Find the line with "(case some_D_combination n" in the entries below, then reproduce it and every line after it down to and including the line with "2 \<Longrightarrow> finite", exactly.

*** Begin section ***

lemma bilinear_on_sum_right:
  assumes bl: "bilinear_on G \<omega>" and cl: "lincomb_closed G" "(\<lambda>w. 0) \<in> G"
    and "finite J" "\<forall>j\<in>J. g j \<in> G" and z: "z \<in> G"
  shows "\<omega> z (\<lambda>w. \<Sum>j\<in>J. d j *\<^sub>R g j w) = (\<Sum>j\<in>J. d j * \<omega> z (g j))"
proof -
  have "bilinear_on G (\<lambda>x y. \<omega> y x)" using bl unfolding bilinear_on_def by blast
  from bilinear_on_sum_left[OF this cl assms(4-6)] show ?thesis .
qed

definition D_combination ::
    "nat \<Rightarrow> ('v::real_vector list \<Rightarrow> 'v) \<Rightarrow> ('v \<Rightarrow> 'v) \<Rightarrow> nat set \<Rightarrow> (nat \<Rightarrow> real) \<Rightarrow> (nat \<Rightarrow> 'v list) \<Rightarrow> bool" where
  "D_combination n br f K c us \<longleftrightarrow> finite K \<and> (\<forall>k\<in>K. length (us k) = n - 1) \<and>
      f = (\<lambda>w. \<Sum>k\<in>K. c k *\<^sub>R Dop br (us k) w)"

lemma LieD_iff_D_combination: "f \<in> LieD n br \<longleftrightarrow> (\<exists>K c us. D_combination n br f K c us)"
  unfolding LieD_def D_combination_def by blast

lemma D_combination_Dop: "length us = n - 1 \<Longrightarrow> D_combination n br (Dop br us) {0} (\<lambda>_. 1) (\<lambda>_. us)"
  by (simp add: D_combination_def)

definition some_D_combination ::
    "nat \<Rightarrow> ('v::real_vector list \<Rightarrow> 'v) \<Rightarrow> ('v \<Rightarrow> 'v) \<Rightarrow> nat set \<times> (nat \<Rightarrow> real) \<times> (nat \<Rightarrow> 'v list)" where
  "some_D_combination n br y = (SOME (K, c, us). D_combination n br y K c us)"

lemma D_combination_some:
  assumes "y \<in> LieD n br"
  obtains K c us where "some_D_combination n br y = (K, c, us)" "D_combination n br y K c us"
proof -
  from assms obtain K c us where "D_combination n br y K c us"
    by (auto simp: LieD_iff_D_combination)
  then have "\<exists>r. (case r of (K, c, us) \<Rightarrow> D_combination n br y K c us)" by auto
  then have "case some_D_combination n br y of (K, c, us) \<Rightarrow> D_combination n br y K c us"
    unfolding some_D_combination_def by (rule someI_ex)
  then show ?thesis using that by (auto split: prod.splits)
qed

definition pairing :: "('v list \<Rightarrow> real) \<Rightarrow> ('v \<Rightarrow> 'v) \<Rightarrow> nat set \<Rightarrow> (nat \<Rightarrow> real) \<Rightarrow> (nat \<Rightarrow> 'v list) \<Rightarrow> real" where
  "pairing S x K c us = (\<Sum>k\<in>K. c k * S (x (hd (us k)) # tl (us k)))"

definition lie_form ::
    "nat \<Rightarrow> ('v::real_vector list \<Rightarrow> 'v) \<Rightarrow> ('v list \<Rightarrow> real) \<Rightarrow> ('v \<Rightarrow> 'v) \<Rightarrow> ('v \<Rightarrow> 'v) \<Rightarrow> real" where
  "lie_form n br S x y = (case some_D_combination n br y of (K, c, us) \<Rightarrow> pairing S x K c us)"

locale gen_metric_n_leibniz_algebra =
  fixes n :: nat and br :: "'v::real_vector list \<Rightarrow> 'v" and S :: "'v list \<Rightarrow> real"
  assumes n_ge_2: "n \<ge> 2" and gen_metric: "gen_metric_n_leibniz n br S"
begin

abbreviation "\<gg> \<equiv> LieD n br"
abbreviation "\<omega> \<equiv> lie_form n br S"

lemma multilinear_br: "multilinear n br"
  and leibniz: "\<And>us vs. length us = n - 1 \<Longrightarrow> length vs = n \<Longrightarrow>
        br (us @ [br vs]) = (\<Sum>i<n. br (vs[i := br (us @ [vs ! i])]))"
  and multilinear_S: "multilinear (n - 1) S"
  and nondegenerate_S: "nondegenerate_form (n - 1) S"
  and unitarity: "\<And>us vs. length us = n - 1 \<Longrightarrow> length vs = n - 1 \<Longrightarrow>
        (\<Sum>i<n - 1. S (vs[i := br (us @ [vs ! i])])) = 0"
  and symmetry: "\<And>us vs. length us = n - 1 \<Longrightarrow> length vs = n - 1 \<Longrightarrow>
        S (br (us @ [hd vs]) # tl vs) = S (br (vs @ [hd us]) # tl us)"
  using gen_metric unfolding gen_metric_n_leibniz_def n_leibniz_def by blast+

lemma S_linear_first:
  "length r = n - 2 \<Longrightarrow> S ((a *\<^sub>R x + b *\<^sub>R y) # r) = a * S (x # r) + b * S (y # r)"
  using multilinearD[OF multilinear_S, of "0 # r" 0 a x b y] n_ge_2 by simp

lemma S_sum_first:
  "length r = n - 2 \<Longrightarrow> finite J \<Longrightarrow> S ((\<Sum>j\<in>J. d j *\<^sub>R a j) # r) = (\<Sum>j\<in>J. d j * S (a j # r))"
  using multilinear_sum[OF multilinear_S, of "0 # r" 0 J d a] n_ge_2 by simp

*** End section ***

### Response to this task
  "lie_form n br S x y = (case some_D_combination n br y of (K, c, us) \<Rightarrow> pairing S x K c us)"

locale gen_metric_n_leibniz_algebra =
  fixes n :: nat and br :: "'v::real_vector list \<Rightarrow> 'v" and S :: "'v list \<Rightarrow> real"
  assumes n_ge_2: "n \<ge> 2" and gen_metric: "gen_metric_n_leibniz n br S"
begin

abbreviation "\<gg> \<equiv> LieD n br"
abbreviation "\<omega> \<equiv> lie_form n br S"

lemma multilinear_br: "multilinear n br"
  and leibniz: "\<And>us vs. length us = n - 1 \<Longrightarrow> length vs = n \<Longrightarrow>
        br (us @ [br vs]) = (\<Sum>i<n. br (vs[i := br (us @ [vs ! i])]))"
  and multilinear_S: "multilinear (n - 1) S"
  and nondegenerate_S: "nondegenerate_form (n - 1) S"
  and unitarity: "\<And>us vs. length us = n - 1 \<Longrightarrow> length vs = n - 1 \<Longrightarrow>
        (\<Sum>i<n - 1. S (vs[i := br (us @ [vs ! i])])) = 0"
  and symmetry: "\<And>us vs. length us = n - 1 \<Longrightarrow> length vs = n - 1 \<Longrightarrow>
        S (br (us @ [hd vs]) # tl vs) = S (br (vs @ [hd us]) # tl us)"
  using gen_metric unfolding gen_metric_n_leibniz_def n_leibniz_def by blast+

lemma S_linear_first:
  "length r = n - 2 \<Longrightarrow> S ((a *\<^sub>R x + b *\<^sub>R y) # r) = a * S (x # r) + b * S (y # r)"
  using multilinearD[OF multilinear_S, of "0 # r" 0 a x b y] n_ge_2 by simp

lemma S_sum_first:
  "length r = n - 2 \<Longrightarrow> finite J \<Longrightarrow> S ((\<Sum>j\<in>J. d j *\<^sub>R a j) # r) = (\<Sum>j\<in>J. d j * S (a j # r))"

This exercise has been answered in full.